If you came to stir trouble you can disappear back to where u came from! This is a friendly forum!



Sandra, he is perfect!


----------



## lecohen (Feb 13, 2005)

silanol said:


> and who r you?????? Ya dog is super ugly it dont evan look like a chihuhua why dont you jin a forum for crossed dogs!!!!!!!



:lol: :lol: :lol: Am i bothered! Nice try! You must be bored! 

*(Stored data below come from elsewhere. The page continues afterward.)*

lemma beta_profile_bounds:
  assumes "0 < p" "0 < q" "0 \<le> a" "0 < s" "s < t"
  shows "integrable lborel (\<lambda>x. beta_density p q x * (s + (t - s) * x) powr a)"
    and "0 \<le> beta_profile p q a s t"
    and "beta_profile p q a s t \<le> t powr a * Beta p q"
proof -
  note pointwise = beta_profile_integrand_bounds[OF assms(3-5)]
  show int: "integrable lborel (\<lambda>x. beta_density p q x * (s + (t - s) * x) powr a)"
    using pointwise by (intro integrable_beta_density_times[OF assms(1,2)]) auto
  show "0 \<le> beta_profile p q a s t"
    unfolding beta_profile_def using pointwise(1) by (intro integral_nonneg_AE AE_I2)
  have "beta_profile p q a s t \<le> (\<integral>x. beta_density p q x * t powr a \<partial>lborel)"
    unfolding beta_profile_def
    using int pointwise(2) integrable_beta_density[OF assms(1,2)] by (intro integral_mono) auto
  also have "\<dots> = t powr a * Beta p q"
    using integral_beta_density[OF assms(1,2)] by simp
  finally show "beta_profile p q a s t \<le> t powr a * Beta p q" .
qed

lemma beta_profile_deriv_bounds:
  assumes "0 < p" "0 < q" "0 < a" "a < 1" "0 < s" "s < t"
  shows "0 \<le> beta_profile_deriv p q a s t"
    and "(t - s) powr a * beta_profile_deriv p q a s t \<le> a * t powr a * (t - s) powr (a - 1) * Beta p q"
proof -
  note pointwise = beta_profile_deriv_integrand_bounds[OF assms(3-6)]
  have int: "integrable lborel (\<lambda>x. beta_density p q x * (a * (s + (t - s) * x) powr (a - 1) * x))"
    using pointwise(1,2) by (intro integrable_beta_density_times[OF assms(1,2)]) auto
  show "0 \<le> beta_profile_deriv p q a s t"
    unfolding beta_profile_deriv_def using pointwise(1) by (intro integral_nonneg_AE AE_I2)
  have "(t - s) powr a * beta_profile_deriv p q a s t
      \<le> (\<integral>x. beta_density p q x * (a * t powr a * (t - s) powr (a - 1)) \<partial>lborel)"
    unfolding beta_profile_deriv_def integral_mult_right_zero[symmetric]
    using int pointwise(3) integrable_beta_density[OF assms(1,2)] by (intro integral_mono) auto
  also have "\<dots> = a * t powr a * (t - s) powr (a - 1) * Beta p q"
    using integral_beta_density[OF assms(1,2)] by simp
  finally show "(t - s) powr a * beta_profile_deriv p q a s t \<le> a * t powr a * (t - s) powr (a - 1) * Beta p q" .
qed
text \<open>Matrices indexed by the finite phase space 's are functions 's => 's => real.
  The phase space is UNIV :: 's set, partitioned into Sp and its complement Sm.\<close>

definition is_generator :: "('s::finite \<Rightarrow> 's \<Rightarrow> real) \<Rightarrow> bool" where
  "is_generator T \<longleftrightarrow> (\<forall>i j. i \<noteq> j \<longrightarrow> T i j \<ge> 0) \<and> (\<forall>i. (\<Sum>j\<in>UNIV. T i j) = 0)"

definition riccati_sol :: "('s::finite \<Rightarrow> 's \<Rightarrow> real) \<Rightarrow> 's set \<Rightarrow> ('s \<Rightarrow> 's \<Rightarrow> real) \<Rightarrow> bool" where
  "riccati_sol T Sp Psi \<longleftrightarrow> (\<forall>i\<in>Sp. \<forall>j\<in>-Sp.
      T i j + (\<Sum>k\<in>-Sp. Psi i k * T k j) + (\<Sum>k\<in>Sp. T i k * Psi k j)
      + (\<Sum>k\<in>-Sp. \<Sum>l\<in>Sp. Psi i k * T k l * Psi l j) = 0)"

definition min_nonneg_riccati_sol :: "('s::finite \<Rightarrow> 's \<Rightarrow> real) \<Rightarrow> 's set \<Rightarrow> ('s \<Rightarrow> 's \<Rightarrow> real) \<Rightarrow> bool" where
  "min_nonneg_riccati_sol T Sp Psi \<longleftrightarrow>
     (\<forall>i\<in>Sp. \<forall>j\<in>-Sp. Psi i j \<ge> 0) \<and> riccati_sol T Sp Psi \<and>
     (\<forall>Phi. (\<forall>i\<in>Sp. \<forall>j\<in>-Sp. Phi i j \<ge> 0) \<and> riccati_sol T Sp Phi
            \<longrightarrow> (\<forall>i\<in>Sp. \<forall>j\<in>-Sp. Psi i j \<le> Phi i j))"
lemma borel_measurable_nn_integral_Complex:
  fixes f :: "complex \<Rightarrow> ennreal"
  assumes [measurable]: "f \<in> borel_measurable borel" "A \<in> sets borel"
  shows "(\<lambda>x. \<integral>\<^sup>+y. indicator A y * f (Complex x y) \<partial>lborel) \<in> borel_measurable borel"
    and "(\<lambda>y. \<integral>\<^sup>+x. indicator A x * f (Complex x y) \<partial>lborel) \<in> borel_measurable borel"
proof -
  have "(\<lambda>p::real \<times> real. indicator A (snd p) * f (Complex (fst p) (snd p))) \<in> borel_measurable (borel \<Otimes>\<^sub>M lborel)"
    unfolding Complex_eq by measurable
  from lborel.borel_measurable_nn_integral_fst[OF this]
  show "(\<lambda>x. \<integral>\<^sup>+y. indicator A y * f (Complex x y) \<partial>lborel) \<in> borel_measurable borel"
    by simp
  have "(\<lambda>p::real \<times> real. indicator A (snd p) * f (Complex (snd p) (fst p))) \<in> borel_measurable (borel \<Otimes>\<^sub>M lborel)"
    unfolding Complex_eq by measurable
  from lborel.borel_measurable_nn_integral_fst[OF this]
  show "(\<lambda>y. \<integral>\<^sup>+x. indicator A x * f (Complex x y) \<partial>lborel) \<in> borel_measurable borel"
    by simp
qed

lemma norm_le_nn_integrals_square_boundary:
  fixes \<phi> :: "complex \<Rightarrow> complex"
  assumes holo: "\<phi> holomorphic_on UNIV" and s: "0 < s" "s \<le> r"
  shows "ennreal (2 * pi * s * cmod (\<phi> z)) \<le>
      (\<integral>\<^sup>+x. indicator {Re z - r..Re z + r} x * ennreal (cmod (\<phi> (Complex x (Im z - s)))) \<partial>lborel)
    + (\<integral>\<^sup>+x. indicator {Re z - r..Re z + r} x * ennreal (cmod (\<phi> (Complex x (Im z + s)))) \<partial>lborel)
    + (\<integral>\<^sup>+y. indicator {Im z - r..Im z + r} y * ennreal (cmod (\<phi> (Complex (Re z + s) y))) \<partial>lborel)
    + (\<integral>\<^sup>+y. indicator {Im z - r..Im z + r} y * ennreal (cmod (\<phi> (Complex (Re z - s) y))) \<partial>lborel)"
proof -
  have cphi: "continuous_on UNIV \<phi>"
    using holo by (rule holomorphic_on_imp_continuous_on)
  have horiz: "continuous_on A (\<lambda>x. cmod (\<phi> (Complex x c)))"
    and vert: "continuous_on A (\<lambda>y. cmod (\<phi> (Complex c y)))" for A c
    by (auto simp: Complex_eq intro!: continuous_intros continuous_on_compose2[OF cphi])
  have nonneg: "0 \<le> integral {a..b} (\<lambda>x. cmod (\<phi> (Complex x c)))"
    "0 \<le> integral {a..b} (\<lambda>y. cmod (\<phi> (Complex c y)))" for a b c
    by (intro integral_nonneg integrable_continuous_interval horiz vert; simp)+
  have "ennreal (2 * pi * s * cmod (\<phi> z)) \<le> ennreal (integral {Re z - s..Re z + s} (\<lambda>x. cmod (\<phi> (Complex x (Im z - s))))
      + integral {Re z - s..Re z + s} (\<lambda>x. cmod (\<phi> (Complex x (Im z + s))))
      + integral {Im z - s..Im z + s} (\<lambda>y. cmod (\<phi> (Complex (Re z + s) y)))
      + integral {Im z - s..Im z + s} (\<lambda>y. cmod (\<phi> (Complex (Re z - s) y))))"
    by (intro ennreal_leI norm_le_integrals_square_boundary holo s)
  also have "\<dots> \<le>
      (\<integral>\<^sup>+x. indicator {Re z - r..Re z + r} x * ennreal (cmod (\<phi> (Complex x (Im z - s)))) \<partial>lborel)
    + (\<integral>\<^sup>+x. indicator {Re z - r..Re z + r} x * ennreal (cmod (\<phi> (Complex x (Im z + s)))) \<partial>lborel)
    + (\<integral>\<^sup>+y. indicator {Im z - r..Im z + r} y * ennreal (cmod (\<phi> (Complex (Re z + s) y))) \<partial>lborel)
    + (\<integral>\<^sup>+y. indicator {Im z - r..Im z + r} y * ennreal (cmod (\<phi> (Complex (Re z - s) y))) \<partial>lborel)"
    using s nonneg
    by (simp add: ennreal_plus del: ennreal_plus_if)
       (intro add_mono ennreal_integral_le_nn_integral horiz vert; simp)
  finally show ?thesis .
qed
(* Let $\beta\in(0,\pi/2)$ be defined by $\cot\beta=\frac{\ln(2\pi+1)}{2\pi}$ (so $\beta\approx 1.264714$ and $\frac{1}{\cos\beta}\approx 3.3186738$), and fix $a>0$. For a starting point $s$, consider the spiral strategy: the path that, in polar coordinates centred at $s$ (with an arbitrary reference direction), follows the logarithmic spiral $\varphi\mapsto(\varphi,\,a\,e^{\varphi\cot\beta})$ for increasing $\varphi\in(-\infty,\infty)$, starting at $s$ (its arc length from $s$ up to the point with angle $\varphi$ is $\frac{a}{\cos\beta}e^{\varphi\cot\beta}$). Then for every environment $P$ and every starting point $s$ in the kernel of $P$, and for every rotation of $P$ about $s$, this spiral path reaches the boundary $\partial P$ after a path length smaller than $3.318674\cdot \Pi_s$, where $\Pi_s$ is the length of the certificate path of $P$ at $s$.
   Context: An environment is the closed bounded region $P\subset\mathbb{R}^2$ enclosed by a closed Jordan curve $\partial P$. The kernel of $P$ is the set of points $s\in P$ such that for every $q\in P$ the segment $sq$ lies in $P$ (so from $s$ each ray meets $\partial P$ in exactly one point). For $s$ in the interior of $P$ and $x>0$, let $C_s(x)$ be the circle of radius $x$ centred at $s$. For $x$ such that $C_s(x)\cap\partial P\neq\emptyset$, let $\alpha_s(x)\in[0,2\pi]$ be the supremum of the angles of arcs of $C_s(x)$ contained in the interior of $P$ (and $0$ if there is none). A circular strategy for distance $x$ moves from $s$ straight a distance $x$ in some direction and then along $C_s(x)$ (in a fixed orientation) for an angle $\alpha_s(x)$; it meets $\partial P$ regardless of the starting direction, and has length $x(1+\alpha_s(x))$. The certificate path of $P$ at $s$ has length $\Pi_s=\min_x x(1+\alpha_s(x))$, the minimum over all $x>0$ with $C_s(x)\cap\partial P\neq\emptyset$. The path length of a strategy is measured from $s$ to the first point at which it meets $\partial P$. *)

theory Defs
  imports "HOL-Analysis.Analysis"
begin

definition environment :: "complex set \<Rightarrow> complex set \<Rightarrow> bool" where
  "environment P B \<longleftrightarrow>
     (\<exists>g. simple_path g \<and> pathfinish g = pathstart g \<and> B = path_image g \<and> P = B \<union> inside B)"

definition kernel :: "complex set \<Rightarrow> complex set" where
  "kernel P = {s \<in> P. \<forall>q\<in>P. closed_segment s q \<subseteq> P}"

definition arc_angle :: "complex set \<Rightarrow> complex \<Rightarrow> real \<Rightarrow> real" where
  "arc_angle P s x = Sup ({0} \<union> {w. 0 \<le> w \<and> w \<le> 2 * pi \<and>
       (\<exists>\<theta>. \<forall>t\<in>{\<theta>..\<theta>+w}. s + of_real x * cis t \<in> interior P)})"

text \<open>Length of the certificate path: min (here: infimum) of x (1 + alpha(x)) over all
x > 0 with C_s(x) meeting the boundary B.\<close>

definition certificate_length :: "complex set \<Rightarrow> complex set \<Rightarrow> complex \<Rightarrow> real" where
  "certificate_length P B s =
     Inf {x * (1 + arc_angle P s x) | x. x > 0 \<and> sphere s x \<inter> B \<noteq> {}}"

definition spiral_beta :: real where
  "spiral_beta = arctan (2 * pi / ln (2 * pi + 1))"

definition spiral :: "real \<Rightarrow> real \<Rightarrow> complex \<Rightarrow> real \<Rightarrow> complex" where
  "spiral a \<theta>0 s \<phi> = s + of_real (a * exp (\<phi> * cot spiral_beta)) * cis (\<theta>0 + \<phi>)"

definition spiral_length :: "real \<Rightarrow> real \<Rightarrow> real" where
  "spiral_length a \<phi> = a / cos spiral_beta * exp (\<phi> * cot spiral_beta)"
(* Let $G$ be a graph containing a pendant block isomorphic to $K_r$ with $r\ge 3$, whose cutpoint is $v$. Then \[ |M_G|=\binom{r-1}{2}\,|M_{G-K_r}|+\sum_{p\in N(v)}|M_{G-(N[v]\cup N[p])}|, \] where $G-K_r$ denotes the graph obtained from $G$ by deleting all $r$ vertices of this block (including $v$).
   Context: Graphs are finite, simple, undirected. A block is a maximal $2$-connected subgraph; a pendant block is a block containing exactly one cutpoint of $G$. An induced matching is a matching whose endpoints induce a $1$-regular subgraph; it is maximal if not properly contained in another induced matching; $M_G$ is the set of maximal induced matchings of $G$ (a graph with no edges has exactly one, the empty matching). For $S\subseteq V(G)$, $G-S$ is the subgraph induced by $V(G)\setminus S$; $N(v)$, $N[v]$ are the open and closed neighborhoods. *)

theory Defs
  imports Main
begin

text \<open>The induced subgraph
G - S is represented by the pair (V - S, E): all notions below only look at
E restricted to the given vertex set.\<close>

definition sgraph :: "'a set \<Rightarrow> ('a \<Rightarrow> 'a \<Rightarrow> bool) \<Rightarrow> bool" where
  "sgraph V E \<longleftrightarrow> finite V \<and> (\<forall>u w. E u w \<longrightarrow> u \<in> V \<and> w \<in> V \<and> u \<noteq> w \<and> E w u)"

definition edges :: "'a set \<Rightarrow> ('a \<Rightarrow> 'a \<Rightarrow> bool) \<Rightarrow> 'a set set" where
  "edges V E = {{u, w} | u w. u \<in> V \<and> w \<in> V \<and> E u w}"

definition nbhd :: "'a set \<Rightarrow> ('a \<Rightarrow> 'a \<Rightarrow> bool) \<Rightarrow> 'a \<Rightarrow> 'a set" where
  "nbhd V E v = {u \<in> V. E v u}"

definition cnbhd :: "'a set \<Rightarrow> ('a \<Rightarrow> 'a \<Rightarrow> bool) \<Rightarrow> 'a \<Rightarrow> 'a set" where
  "cnbhd V E v = insert v (nbhd V E v)"

definition reach :: "'a set \<Rightarrow> ('a \<Rightarrow> 'a \<Rightarrow> bool) \<Rightarrow> 'a \<Rightarrow> 'a \<Rightarrow> bool" where
  "reach S E u w \<longleftrightarrow> u \<in> S \<and> (u, w) \<in> {(x, y). x \<in> S \<and> y \<in> S \<and> E x y}\<^sup>*"
lemma path_gf_split:
  "path_gf P = path_gf (\<lambda>xs. P xs \<and> Q xs) + path_gf (\<lambda>xs. P xs \<and> \<not> Q xs)"
proof (rule fps_ext)
  fix n
  have "paths_with P n = paths_with (\<lambda>xs. P xs \<and> Q xs) n \<union> paths_with (\<lambda>xs. P xs \<and> \<not> Q xs) n"
       "paths_with (\<lambda>xs. P xs \<and> Q xs) n \<inter> paths_with (\<lambda>xs. P xs \<and> \<not> Q xs) n = {}"
    by (auto simp: paths_with_def)
  then show "path_gf P $ n = (path_gf (\<lambda>xs. P xs \<and> Q xs) + path_gf (\<lambda>xs. P xs \<and> \<not> Q xs)) $ n"
    by (simp add: card_Un_disjoint finite_paths_with)
qed

lemma path_gf_Nil: "path_gf (\<lambda>xs. xs = []) = 1"
proof (rule fps_ext)
  fix n
  have "paths_with (\<lambda>xs. xs = []) n = (if n = 0 then {[]} else {})"
    by (auto simp: paths_with_def)
  then show "path_gf (\<lambda>xs. xs = []) $ n = 1 $ n" by simp
qed

lemma path_gf_Nil_or:
  assumes "\<not> P []"
  shows "path_gf (\<lambda>xs. xs = [] \<or> P xs) = 1 + path_gf P"
proof -
  have "(\<lambda>xs. (xs = [] \<or> P xs) \<and> xs = []) = (\<lambda>xs. xs = [])"
       "(\<lambda>xs. (xs = [] \<or> P xs) \<and> xs \<noteq> []) = P"
    using assms by auto
  then show ?thesis
    using path_gf_split[of "\<lambda>xs. xs = [] \<or> P xs" "\<lambda>xs. xs = []"] by (simp add: path_gf_Nil)
qed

Stop spoiling Sandra's thread!


----------



## Kezza (Dec 1, 2005)

Sandra your wee puppy is ADORABLE! thanks for sharing those lovely pics with those of us who appreciate them x
and Silano go back under the stone you crawled out from and stop trying to cause trouble. :evil:


----------



## KB (Apr 13, 2004)

silanol said:


> There are so many niser chihuahus here. Yours are nice rubyfox


make one more ignornat comment and your gone :wave:


----------



## Kezza (Dec 1, 2005)

Nicely said KB mamma!
such a shame when this happens on here.... :roll:


----------



## Kezza (Dec 1, 2005)

sorry, was getting a little mad with a certain someone...i know we shouldn't bite because thats what they want.... :roll:


----------



## Kezza (Dec 1, 2005)

:lol: :lol: :lol: :lol: :lol: :lol: :lol: :roll:


----------



## Sandra1961 (Oct 14, 2005)

Excuse me to whoever said my Milo isnt a good example of his breed, he is perfect in everyway

And if all you have to do with your time, is come on here and make nasty comments, then your just jealous and sad! get a life

Thanks to everyone for the lovely comments!
were just off to bed now, so Milo says 'goodnight'


----------



## lecohen (Feb 13, 2005)

Goodnight Sandra, Rachel and Milo xxxx


----------



## Kezza (Dec 1, 2005)

this person was banned by the look of it and then came back under another name....all the posts by them have been deleted now i think..
take no notice sandra although i know its hard not to react sometimes! :roll:


----------



## Courtney (Jun 2, 2005)

Sandra... he is perfect.
If you ever get tired of him, send him right over! :lol:


----------



## KB (Apr 13, 2004)

yes I deleted the nasty threads, sorry that had to happen, MILO is perfect!!


----------



## littleweed (Nov 21, 2005)

Sandra,
That close up of him is soooo sweet! I love his little face, and the white on his chin is to die for!!!! :love7: Wish I was nearer so I could smooch on him!!!! :lol: :lol: You can do it for all of us!!!!


----------



## Fibi's Mommy (Nov 28, 2005)

I love the second to last pic! That's how I spend alot of my time too...sitting back adoring my little baby! Hee!!! Sandra, he is so perfect! 
chiscrochetcrazy...you're right...Poco and Milo could be brothers they do look alot alike!


----------



## ~Jessie~ (Oct 30, 2005)

He is too cute


----------



## Guest (Dec 18, 2005)

:wave:


----------



## Sandra1961 (Oct 14, 2005)

The person who caused trouble was obviously just very immature and came here under the strict rule they were going to cause trouble, so thanks to the mod(s) who took action 
Ive only had him 2 days and was very shocked that someone had said he was a bad example of a chihuahua. He is perfect, and that even shines through the photos!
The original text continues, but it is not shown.